[Raw data Boundary: Start]

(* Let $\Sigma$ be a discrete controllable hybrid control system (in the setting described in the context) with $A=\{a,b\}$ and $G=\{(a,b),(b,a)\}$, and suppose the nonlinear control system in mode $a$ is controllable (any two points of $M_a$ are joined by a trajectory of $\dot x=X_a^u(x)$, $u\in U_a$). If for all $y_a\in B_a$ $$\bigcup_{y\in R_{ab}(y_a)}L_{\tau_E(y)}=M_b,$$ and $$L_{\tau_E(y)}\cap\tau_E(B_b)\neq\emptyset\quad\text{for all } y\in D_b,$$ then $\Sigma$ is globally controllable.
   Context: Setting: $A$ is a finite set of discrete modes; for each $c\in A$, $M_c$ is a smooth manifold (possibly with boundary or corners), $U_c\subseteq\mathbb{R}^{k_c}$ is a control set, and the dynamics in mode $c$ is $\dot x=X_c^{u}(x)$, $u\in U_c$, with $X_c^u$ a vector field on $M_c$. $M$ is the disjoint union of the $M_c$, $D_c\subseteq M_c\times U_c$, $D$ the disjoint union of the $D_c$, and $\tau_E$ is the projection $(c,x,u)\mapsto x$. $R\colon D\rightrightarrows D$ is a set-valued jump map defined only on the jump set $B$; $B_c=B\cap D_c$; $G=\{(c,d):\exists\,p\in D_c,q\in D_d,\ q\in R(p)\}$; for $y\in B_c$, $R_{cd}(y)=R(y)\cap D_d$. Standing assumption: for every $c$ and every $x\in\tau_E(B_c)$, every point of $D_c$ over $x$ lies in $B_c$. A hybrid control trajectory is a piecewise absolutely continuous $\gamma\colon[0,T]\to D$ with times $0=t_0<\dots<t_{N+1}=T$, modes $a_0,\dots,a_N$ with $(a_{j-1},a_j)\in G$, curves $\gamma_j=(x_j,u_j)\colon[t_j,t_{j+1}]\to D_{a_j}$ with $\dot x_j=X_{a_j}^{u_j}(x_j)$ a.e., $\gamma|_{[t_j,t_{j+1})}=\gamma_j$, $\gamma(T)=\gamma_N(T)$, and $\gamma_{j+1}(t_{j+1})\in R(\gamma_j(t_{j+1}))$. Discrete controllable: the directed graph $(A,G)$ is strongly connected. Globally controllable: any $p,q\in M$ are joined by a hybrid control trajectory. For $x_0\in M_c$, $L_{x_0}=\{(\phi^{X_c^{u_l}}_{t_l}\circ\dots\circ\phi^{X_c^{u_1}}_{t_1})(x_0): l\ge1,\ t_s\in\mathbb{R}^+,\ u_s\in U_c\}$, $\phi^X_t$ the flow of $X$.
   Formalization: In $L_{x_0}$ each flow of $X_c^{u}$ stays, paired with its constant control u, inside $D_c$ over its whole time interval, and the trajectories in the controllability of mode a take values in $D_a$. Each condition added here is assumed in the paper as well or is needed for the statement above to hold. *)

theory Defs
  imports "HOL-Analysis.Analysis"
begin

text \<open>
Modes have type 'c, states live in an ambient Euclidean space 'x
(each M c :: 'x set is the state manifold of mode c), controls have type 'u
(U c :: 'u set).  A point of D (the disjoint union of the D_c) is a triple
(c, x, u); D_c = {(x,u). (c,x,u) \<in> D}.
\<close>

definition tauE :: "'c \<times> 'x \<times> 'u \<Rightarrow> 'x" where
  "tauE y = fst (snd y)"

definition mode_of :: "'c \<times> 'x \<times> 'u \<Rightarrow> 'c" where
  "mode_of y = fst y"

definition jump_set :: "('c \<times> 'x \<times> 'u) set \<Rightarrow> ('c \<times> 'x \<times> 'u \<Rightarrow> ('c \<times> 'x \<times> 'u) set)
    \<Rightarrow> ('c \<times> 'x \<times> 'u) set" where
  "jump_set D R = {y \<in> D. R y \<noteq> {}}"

[Raw data Boundary: End]

Give the lines again, exactly as they stand, from the beginning of the data through the line with "Context: Setting: $A$".

Task response
(* Let $\Sigma$ be a discrete controllable hybrid control system (in the setting described in the context) with $A=\{a,b\}$ and $G=\{(a,b),(b,a)\}$, and suppose the nonlinear control system in mode $a$ is controllable (any two points of $M_a$ are joined by a trajectory of $\dot x=X_a^u(x)$, $u\in U_a$). If for all $y_a\in B_a$ $$\bigcup_{y\in R_{ab}(y_a)}L_{\tau_E(y)}=M_b,$$ and $$L_{\tau_E(y)}\cap\tau_E(B_b)\neq\emptyset\quad\text{for all } y\in D_b,$$ then $\Sigma$ is globally controllable.
   Context: Setting: $A$ is a finite set of discrete modes; for each $c\in A$, $M_c$ is a smooth manifold (possibly with boundary or corners), $U_c\subseteq\mathbb{R}^{k_c}$ is a control set, and the dynamics in mode $c$ is $\dot x=X_c^{u}(x)$, $u\in U_c$, with $X_c^u$ a vector field on $M_c$. $M$ is the disjoint union of the $M_c$, $D_c\subseteq M_c\times U_c$, $D$ the disjoint union of the $D_c$, and $\tau_E$ is the projection $(c,x,u)\mapsto x$. $R\colon D\rightrightarrows D$ is a set-valued jump map defined only on the jump set $B$; $B_c=B\cap D_c$; $G=\{(c,d):\exists\,p\in D_c,q\in D_d,\ q\in R(p)\}$; for $y\in B_c$, $R_{cd}(y)=R(y)\cap D_d$. Standing assumption: for every $c$ and every $x\in\tau_E(B_c)$, every point of $D_c$ over $x$ lies in $B_c$. A hybrid control trajectory is a piecewise absolutely continuous $\gamma\colon[0,T]\to D$ with times $0=t_0<\dots<t_{N+1}=T$, modes $a_0,\dots,a_N$ with $(a_{j-1},a_j)\in G$, curves $\gamma_j=(x_j,u_j)\colon[t_j,t_{j+1}]\to D_{a_j}$ with $\dot x_j=X_{a_j}^{u_j}(x_j)$ a.e., $\gamma|_{[t_j,t_{j+1})}=\gamma_j$, $\gamma(T)=\gamma_N(T)$, and $\gamma_{j+1}(t_{j+1})\in R(\gamma_j(t_{j+1}))$. Discrete controllable: the directed graph $(A,G)$ is strongly connected. Globally controllable: any $p,q\in M$ are joined by a hybrid control trajectory. For $x_0\in M_c$, $L_{x_0}=\{(\phi^{X_c^{u_l}}_{t_l}\circ\dots\circ\phi^{X_c^{u_1}}_{t_1})(x_0): l\ge1,\ t_s\in\mathbb{R}^+,\ u_s\in U_c\}$, $\phi^X_t$ the flow of $X$.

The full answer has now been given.